EXERCISE PROMPT. Set down the whole listing verbatim.

☆ ☆ ☆ ☆ ☆ ☆ ☆

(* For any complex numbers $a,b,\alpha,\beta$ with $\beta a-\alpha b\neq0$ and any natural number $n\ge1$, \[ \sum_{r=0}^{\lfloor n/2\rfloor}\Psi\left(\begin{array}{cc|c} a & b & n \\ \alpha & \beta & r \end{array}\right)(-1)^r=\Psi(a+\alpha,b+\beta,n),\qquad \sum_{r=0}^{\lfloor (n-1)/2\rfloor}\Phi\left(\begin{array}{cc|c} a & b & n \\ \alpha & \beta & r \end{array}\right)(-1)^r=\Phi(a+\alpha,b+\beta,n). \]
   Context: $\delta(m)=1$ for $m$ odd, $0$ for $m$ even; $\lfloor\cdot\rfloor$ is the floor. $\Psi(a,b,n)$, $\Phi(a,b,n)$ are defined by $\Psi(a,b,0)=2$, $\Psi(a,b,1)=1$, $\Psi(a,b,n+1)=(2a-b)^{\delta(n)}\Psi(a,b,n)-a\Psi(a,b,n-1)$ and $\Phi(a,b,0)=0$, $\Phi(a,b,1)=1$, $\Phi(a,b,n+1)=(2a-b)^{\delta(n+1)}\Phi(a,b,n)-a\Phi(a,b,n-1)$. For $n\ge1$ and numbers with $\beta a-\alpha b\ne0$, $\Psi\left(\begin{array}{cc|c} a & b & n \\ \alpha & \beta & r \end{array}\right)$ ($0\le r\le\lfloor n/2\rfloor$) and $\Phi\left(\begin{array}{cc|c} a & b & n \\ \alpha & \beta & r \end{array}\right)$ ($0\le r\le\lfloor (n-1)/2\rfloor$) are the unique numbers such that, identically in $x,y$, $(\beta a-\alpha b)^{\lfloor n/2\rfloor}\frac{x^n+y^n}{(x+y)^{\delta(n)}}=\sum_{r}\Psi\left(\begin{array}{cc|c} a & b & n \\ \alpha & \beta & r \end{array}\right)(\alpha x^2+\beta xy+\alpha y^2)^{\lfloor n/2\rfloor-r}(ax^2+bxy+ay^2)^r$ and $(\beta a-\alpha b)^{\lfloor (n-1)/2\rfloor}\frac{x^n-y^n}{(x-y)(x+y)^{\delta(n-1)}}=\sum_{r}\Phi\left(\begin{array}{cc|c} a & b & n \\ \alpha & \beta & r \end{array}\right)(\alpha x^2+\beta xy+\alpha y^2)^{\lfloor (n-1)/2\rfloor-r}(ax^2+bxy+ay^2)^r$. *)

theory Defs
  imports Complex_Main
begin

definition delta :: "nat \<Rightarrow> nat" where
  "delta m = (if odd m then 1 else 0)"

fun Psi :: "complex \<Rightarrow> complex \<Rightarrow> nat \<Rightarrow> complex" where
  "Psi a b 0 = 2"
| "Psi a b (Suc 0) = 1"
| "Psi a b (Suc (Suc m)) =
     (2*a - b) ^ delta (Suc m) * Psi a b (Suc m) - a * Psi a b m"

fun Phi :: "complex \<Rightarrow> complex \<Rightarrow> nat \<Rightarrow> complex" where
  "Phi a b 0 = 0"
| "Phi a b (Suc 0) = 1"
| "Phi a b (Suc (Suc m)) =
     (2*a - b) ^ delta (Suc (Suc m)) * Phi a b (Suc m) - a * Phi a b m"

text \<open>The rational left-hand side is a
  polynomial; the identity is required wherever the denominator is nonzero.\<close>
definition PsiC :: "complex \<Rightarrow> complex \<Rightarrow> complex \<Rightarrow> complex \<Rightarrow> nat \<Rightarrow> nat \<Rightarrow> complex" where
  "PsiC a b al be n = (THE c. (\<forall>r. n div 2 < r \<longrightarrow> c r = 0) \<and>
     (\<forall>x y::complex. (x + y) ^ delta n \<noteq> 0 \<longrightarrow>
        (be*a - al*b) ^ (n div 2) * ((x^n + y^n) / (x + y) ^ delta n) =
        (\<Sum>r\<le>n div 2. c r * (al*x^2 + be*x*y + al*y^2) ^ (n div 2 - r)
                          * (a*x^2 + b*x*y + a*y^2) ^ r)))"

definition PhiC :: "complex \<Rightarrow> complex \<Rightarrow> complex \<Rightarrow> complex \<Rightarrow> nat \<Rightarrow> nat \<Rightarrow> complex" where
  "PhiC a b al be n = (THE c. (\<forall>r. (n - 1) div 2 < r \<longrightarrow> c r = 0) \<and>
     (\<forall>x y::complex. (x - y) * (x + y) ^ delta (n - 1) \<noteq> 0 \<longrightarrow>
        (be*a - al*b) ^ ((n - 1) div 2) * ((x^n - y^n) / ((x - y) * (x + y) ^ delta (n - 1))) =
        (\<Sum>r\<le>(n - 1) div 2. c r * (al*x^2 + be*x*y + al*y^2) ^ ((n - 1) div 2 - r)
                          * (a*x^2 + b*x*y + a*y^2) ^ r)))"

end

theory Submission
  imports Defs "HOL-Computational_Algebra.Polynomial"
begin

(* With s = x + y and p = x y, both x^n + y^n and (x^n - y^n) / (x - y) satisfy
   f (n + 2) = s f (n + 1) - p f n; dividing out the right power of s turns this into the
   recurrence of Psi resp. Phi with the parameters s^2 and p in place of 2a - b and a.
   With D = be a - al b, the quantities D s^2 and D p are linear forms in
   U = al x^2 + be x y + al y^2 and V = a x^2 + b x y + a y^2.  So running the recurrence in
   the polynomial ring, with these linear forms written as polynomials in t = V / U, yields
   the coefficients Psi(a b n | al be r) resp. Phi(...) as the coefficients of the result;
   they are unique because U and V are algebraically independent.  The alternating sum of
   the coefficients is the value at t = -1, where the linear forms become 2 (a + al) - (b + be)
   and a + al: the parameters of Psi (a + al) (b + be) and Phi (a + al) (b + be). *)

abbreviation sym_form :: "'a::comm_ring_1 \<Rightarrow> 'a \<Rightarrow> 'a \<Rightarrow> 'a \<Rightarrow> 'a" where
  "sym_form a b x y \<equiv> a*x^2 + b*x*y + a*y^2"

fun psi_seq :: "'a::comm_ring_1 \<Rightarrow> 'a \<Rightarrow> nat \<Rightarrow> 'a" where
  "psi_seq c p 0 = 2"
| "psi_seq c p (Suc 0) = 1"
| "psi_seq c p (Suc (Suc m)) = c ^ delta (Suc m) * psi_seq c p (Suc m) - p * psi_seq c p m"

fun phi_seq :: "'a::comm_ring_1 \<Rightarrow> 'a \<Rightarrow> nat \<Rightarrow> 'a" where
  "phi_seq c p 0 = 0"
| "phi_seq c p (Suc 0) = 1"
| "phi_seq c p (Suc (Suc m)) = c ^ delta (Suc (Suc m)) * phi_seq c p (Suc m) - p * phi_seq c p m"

☆ ☆ ☆ ☆ ☆ ☆ ☆

SOLUTION FOR THIS EXERCISE.
(* For any complex numbers $a,b,\alpha,\beta$ with $\beta a-\alpha b\neq0$ and any natural number $n\ge1$, \[ \sum_{r=0}^{\lfloor n/2\rfloor}\Psi\left(\begin{array}{cc|c} a & b & n \\ \alpha & \beta & r \end{array}\right)(-1)^r=\Psi(a+\alpha,b+\beta,n),\qquad \sum_{r=0}^{\lfloor (n-1)/2\rfloor}\Phi\left(\begin{array}{cc|c} a & b & n \\ \alpha & \beta & r \end{array}\right)(-1)^r=\Phi(a+\alpha,b+\beta,n). \]
   Context: $\delta(m)=1$ for $m$ odd, $0$ for $m$ even; $\lfloor\cdot\rfloor$ is the floor. $\Psi(a,b,n)$, $\Phi(a,b,n)$ are defined by $\Psi(a,b,0)=2$, $\Psi(a,b,1)=1$, $\Psi(a,b,n+1)=(2a-b)^{\delta(n)}\Psi(a,b,n)-a\Psi(a,b,n-1)$ and $\Phi(a,b,0)=0$, $\Phi(a,b,1)=1$, $\Phi(a,b,n+1)=(2a-b)^{\delta(n+1)}\Phi(a,b,n)-a\Phi(a,b,n-1)$. For $n\ge1$ and numbers with $\beta a-\alpha b\ne0$, $\Psi\left(\begin{array}{cc|c} a & b & n \\ \alpha & \beta & r \end{array}\right)$ ($0\le r\le\lfloor n/2\rfloor$) and $\Phi\left(\begin{array}{cc|c} a & b & n \\ \alpha & \beta & r \end{array}\right)$ ($0\le r\le\lfloor (n-1)/2\rfloor$) are the unique numbers such that, identically in $x,y$, $(\beta a-\alpha b)^{\lfloor n/2\rfloor}\frac{x^n+y^n}{(x+y)^{\delta(n)}}=\sum_{r}\Psi\left(\begin{array}{cc|c} a & b & n \\ \alpha & \beta & r \end{array}\right)(\alpha x^2+\beta xy+\alpha y^2)^{\lfloor n/2\rfloor-r}(ax^2+bxy+ay^2)^r$ and $(\beta a-\alpha b)^{\lfloor (n-1)/2\rfloor}\frac{x^n-y^n}{(x-y)(x+y)^{\delta(n-1)}}=\sum_{r}\Phi\left(\begin{array}{cc|c} a & b & n \\ \alpha & \beta & r \end{array}\right)(\alpha x^2+\beta xy+\alpha y^2)^{\lfloor (n-1)/2\rfloor-r}(ax^2+bxy+ay^2)^r$. *)

theory Defs
  imports Complex_Main
begin

definition delta :: "nat \<Rightarrow> nat" where
  "delta m = (if odd m then 1 else 0)"

fun Psi :: "complex \<Rightarrow> complex \<Rightarrow> nat \<Rightarrow> complex" where
  "Psi a b 0 = 2"
| "Psi a b (Suc 0) = 1"
| "Psi a b (Suc (Suc m)) =
     (2*a - b) ^ delta (Suc m) * Psi a b (Suc m) - a * Psi a b m"

fun Phi :: "complex \<Rightarrow> complex \<Rightarrow> nat \<Rightarrow> complex" where
  "Phi a b 0 = 0"
| "Phi a b (Suc 0) = 1"
| "Phi a b (Suc (Suc m)) =
     (2*a - b) ^ delta (Suc (Suc m)) * Phi a b (Suc m) - a * Phi a b m"

text \<open>The rational left-hand side is a
  polynomial; the identity is required wherever the denominator is nonzero.\<close>
definition PsiC :: "complex \<Rightarrow> complex \<Rightarrow> complex \<Rightarrow> complex \<Rightarrow> nat \<Rightarrow> nat \<Rightarrow> complex" where
  "PsiC a b al be n = (THE c. (\<forall>r. n div 2 < r \<longrightarrow> c r = 0) \<and>
     (\<forall>x y::complex. (x + y) ^ delta n \<noteq> 0 \<longrightarrow>
        (be*a - al*b) ^ (n div 2) * ((x^n + y^n) / (x + y) ^ delta n) =
        (\<Sum>r\<le>n div 2. c r * (al*x^2 + be*x*y + al*y^2) ^ (n div 2 - r)
                          * (a*x^2 + b*x*y + a*y^2) ^ r)))"

definition PhiC :: "complex \<Rightarrow> complex \<Rightarrow> complex \<Rightarrow> complex \<Rightarrow> nat \<Rightarrow> nat \<Rightarrow> complex" where
  "PhiC a b al be n = (THE c. (\<forall>r. (n - 1) div 2 < r \<longrightarrow> c r = 0) \<and>
     (\<forall>x y::complex. (x - y) * (x + y) ^ delta (n - 1) \<noteq> 0 \<longrightarrow>
        (be*a - al*b) ^ ((n - 1) div 2) * ((x^n - y^n) / ((x - y) * (x + y) ^ delta (n - 1))) =
        (\<Sum>r\<le>(n - 1) div 2. c r * (al*x^2 + be*x*y + al*y^2) ^ ((n - 1) div 2 - r)
                          * (a*x^2 + b*x*y + a*y^2) ^ r)))"

end

theory Submission
  imports Defs "HOL-Computational_Algebra.Polynomial"
begin

(* With s = x + y and p = x y, both x^n + y^n and (x^n - y^n) / (x - y) satisfy
   f (n + 2) = s f (n + 1) - p f n; dividing out the right power of s turns this into the
   recurrence of Psi resp. Phi with the parameters s^2 and p in place of 2a - b and a.
   With D = be a - al b, the quantities D s^2 and D p are linear forms in
   U = al x^2 + be x y + al y^2 and V = a x^2 + b x y + a y^2.  So running the recurrence in
   the polynomial ring, with these linear forms written as polynomials in t = V / U, yields
   the coefficients Psi(a b n | al be r) resp. Phi(...) as the coefficients of the result;
   they are unique because U and V are algebraically independent.  The alternating sum of
   the coefficients is the value at t = -1, where the linear forms become 2 (a + al) - (b + be)
   and a + al: the parameters of Psi (a + al) (b + be) and Phi (a + al) (b + be). *)

abbreviation sym_form :: "'a::comm_ring_1 \<Rightarrow> 'a \<Rightarrow> 'a \<Rightarrow> 'a \<Rightarrow> 'a" where
  "sym_form a b x y \<equiv> a*x^2 + b*x*y + a*y^2"

fun psi_seq :: "'a::comm_ring_1 \<Rightarrow> 'a \<Rightarrow> nat \<Rightarrow> 'a" where
  "psi_seq c p 0 = 2"
| "psi_seq c p (Suc 0) = 1"
| "psi_seq c p (Suc (Suc m)) = c ^ delta (Suc m) * psi_seq c p (Suc m) - p * psi_seq c p m"

fun phi_seq :: "'a::comm_ring_1 \<Rightarrow> 'a \<Rightarrow> nat \<Rightarrow> 'a" where
  "phi_seq c p 0 = 0"
| "phi_seq c p (Suc 0) = 1"
| "phi_seq c p (Suc (Suc m)) = c ^ delta (Suc (Suc m)) * phi_seq c p (Suc m) - p * phi_seq c p m"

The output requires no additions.